Samadhi: collectedness of the mind on a single object through (gradual) calming of mental activity. A nondualistic state of consciousness in which the consciousness of the experiencing "subject" becomes one with the experienced "object".

While I thoroughly enjoy doing artwork, sometimes I get so overwhelmed with trying to pick the next project to start, I get stressed. (Does this happen to other people, too?) Once I am over that bump, the actual practice of creating the art gives me a reason to get up in the morning.

I have two main project lists: one is for large, ongoing projects which I dip in and out of, and the other is for one-off hand lettering and illustration pieces. As I think of ideas, I add them to the lists.

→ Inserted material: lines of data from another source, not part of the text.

lemma homeomorphism_on_half:
  assumes U: "openin (top_of_set C) U" and disj: "\<And>b. b \<in> U \<Longrightarrow> - b \<notin> U"
  shows "\<exists>q. homeomorphism U (p ` U) p q"
proof -
  have UC: "U \<subseteq> C" using U by (simp add: openin_imp_subset)
  obtain q where "homeomorphism U (p ` U) p q"
  proof (rule homeomorphism_injective_open_map)
    show "continuous_on U p" using continuous_on_subset[OF continuous UC] .
    show "inj_on p U"
    proof
      fix a b assume "a \<in> U" "b \<in> U" "p a = p b"
      then show "a = b" using fibre[of a b] disj UC by blast
    qed
    fix W assume W: "openin (top_of_set U) W"
    have "openin (top_of_set S) (p ` W)" by (rule open_map[OF openin_trans[OF W U]])
    moreover have "p ` W \<subseteq> p ` U" "p ` U \<subseteq> S" using openin_imp_subset[OF W] UC image by auto
    ultimately show "openin (top_of_set (p ` U)) (p ` W)" by (rule openin_subset_trans)
  qed auto
  then show ?thesis by blast
qed

text \<open>Over \<open>p a\<close> the evenly covered sheets are the two balls of radius \<open>\<parallel>a\<parallel>\<close> about \<open>\<plusminus>a\<close>,
  which are disjoint and swapped by \<open>uminus\<close>.\<close>
theorem covering_space: "covering_space C p S"
proof
  show "continuous_on C p" by (rule continuous)
  show "p ` C = S" by (rule image)
  fix x assume "x \<in> S"
  then obtain a where a: "a \<in> C" "p a = x" using image by blast
  define U where "U = C \<inter> ball a (norm a)"
  define U' where "U' = C \<inter> ball (- a) (norm a)"
  have minus_U: "- b \<in> U' \<longleftrightarrow> b \<in> U" for b
    using uminus_mem[of b] uminus_mem[of "- b"] dist_minus[of "- a" "- b"]
    by (auto simp: U_def U'_def)
  have disj: "- b \<notin> U" if "b \<in> U" for b
  proof
    assume "- b \<in> U"
    then have "b \<in> U'" using minus_U[of "- b"] by simp
    then have "dist a (- a) < 2 * norm a"
      using that dist_triangle[of a "- a" b] by (simp add: U_def U'_def dist_commute)
    then show False by (simp add: dist_norm norm_minus_commute[of a] flip: scaleR_2)
  qed
  have disj': "- b \<notin> U'" if "b \<in> U'" for b
    using disj minus_U that by (metis minus_minus)
  have opens: "openin (top_of_set C) U" "openin (top_of_set C) U'"
    by (auto simp: U_def U'_def openin_open_Int)
  have p_minus: "p (- b) = p b" if "b \<in> C" for b
    using fibre[OF uminus_mem[OF that] that] by simp
  have p_U': "p ` U' = p ` U"
  proof -
    have "U' = uminus ` U" using minus_U by (auto simp: image_iff) (metis minus_minus)
    then have "p ` U' = (\<lambda>b. p (- b)) ` U" by (simp add: image_image)
    also have "\<dots> = p ` U" using p_minus by (intro image_cong) (auto simp: U_def)
    finally show ?thesis .
  qed
  have fibre_U: "C \<inter> p -` p ` U = \<Union>{U, U'}"
  proof
    show "C \<inter> p -` p ` U \<subseteq> \<Union>{U, U'}"
    proof clarify
      fix b u assume b: "b \<in> C" "u \<in> U" "p b = p u"
      then have "b = u \<or> b = - u" using fibre[of u b] by (simp add: U_def)
      then show "b \<in> \<Union>{U, U'}" using b(2) minus_U by auto
    qed
    have "U \<subseteq> C" "U' \<subseteq> C" "p ` U' \<subseteq> p ` U" using p_U' by (auto simp: U_def U'_def)
    then show "\<Union>{U, U'} \<subseteq> C \<inter> p -` p ` U" by blast
  qed
  have "a \<in> U" using a zero_notin by (auto simp: U_def)
  moreover have "pairwise disjnt {U, U'}"
  proof -
    have "U \<inter> U' = {}" using disj minus_U by (metis disjoint_iff minus_minus)
    then show ?thesis by (auto simp: pairwise_def disjnt_def)
  qed
  moreover have "\<forall>u\<in>{U, U'}. \<exists>q. homeomorphism u (p ` U) p q"
    using homeomorphism_on_half[OF opens(1) disj] homeomorphism_on_half[OF opens(2) disj'] p_U'
    by auto
  ultimately show "\<exists>T. x \<in> T \<and> openin (top_of_set S) T \<and>
          (\<exists>v. \<Union>v = C \<inter> p -` T \<and> (\<forall>u\<in>v. openin (top_of_set C) u) \<and>
               pairwise disjnt v \<and> (\<forall>u\<in>v. \<exists>q. homeomorphism u T p q))"
    using a open_map[OF opens(1)] fibre_U opens
    by (intro exI[of _ "p ` U"] conjI exI[of _ "{U, U'}"]) auto
qed
theorem mainTheorem12:
  fixes m n :: int and \<alpha>0 \<alpha> :: "'a preact" and x0 :: 'a
  assumes "\<bar>m\<bar> \<ge> 2" and "\<bar>n\<bar> \<ge> 2"
    and "pre_action m n \<alpha>0" and "transitive \<alpha>0" and "x0 \<in> carrier \<alpha>0"
    and "max_forest_saturation m n \<alpha>0 \<alpha>"
  shows "stab m n \<alpha> x0 = stab m n \<alpha>0 x0
    \<and> (\<exists>\<phi>. bij_betw \<phi> (carrier \<alpha>) (coset_space m n (stab m n \<alpha>0 x0))
         \<and> \<phi> x0 = coset m n (stab m n \<alpha>0 x0) []
         \<and> (\<forall>x \<in> carrier \<alpha>. \<phi> (bmap \<alpha> x) = coset_act m n (\<phi> x) (B, True)
                        \<and> \<phi> (the (tmap \<alpha> x)) = coset_act m n (\<phi> x) (T, True)))"
proof -
  interpret forest_saturation \<alpha> m n \<alpha>0
    using max_forest_saturation_imp_forest_saturation assms(3,6) .
  have stab: "stab m n \<alpha> x0 = stab m n \<alpha>0 x0" using stab_eq_old assms(5) .
  have "x0 \<in> carrier \<alpha>" using assms(5) old_carrier_subset by blast
  then show ?thesis
    using orbit_stabiliser[OF _ act_reaches[OF assms(5,4)]] stab by simp
qed

end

Once a piece is finished and crossed off the list (so satisfying), I look forward to starting something new….. but then that sense of being overwhelmed takes over. Do I work on a section of one of the larger, ongoing projects? Do I pick a hand lettering idea? What about an illustration? Or I could do some sketching for future pieces I may want to develop. And, of course there are non-art task lists too - write a blog post? Organize my supplies? Update my portfolio? Post something on social media? Once I’ve decided on which task to do, then I have to decide on the details. Ok, an illustration. Which one? With or without any hand lettering? Should it be large or small in scale? Watercolor or black and white? Or colored pencil? 

Once I commit to something, I intend to follow it through to its end. If what I am working on isn’t going well, there is a conflict between wanting to stop so I can move onto something that might go better, and feeling the need to finish what I’ve started. Often, at a certain point in a piece, I’ll do something that, at first, seems to have ruined it. An imperfect line, or a color that isn’t quite what I’d thought it was, or a smudge of pen ink, or an impulsive addition. Initially, I want to crumple it up and move on. But, I have found that if I stay with it, the “error” ends up either improving the final piece, or gives me an idea to incorporate into it that I wouldn’t have thought of otherwise. This happens regularly enough that I usually have confidence that seeing it though is the way to go.

Because of the stress I feel from deciding what sort of piece to start, I appreciate all the more the flow I get into once I get going. When I am focused, and working on a piece, everything else falls away. The best way I can think of to describe it is Samadhi, through art.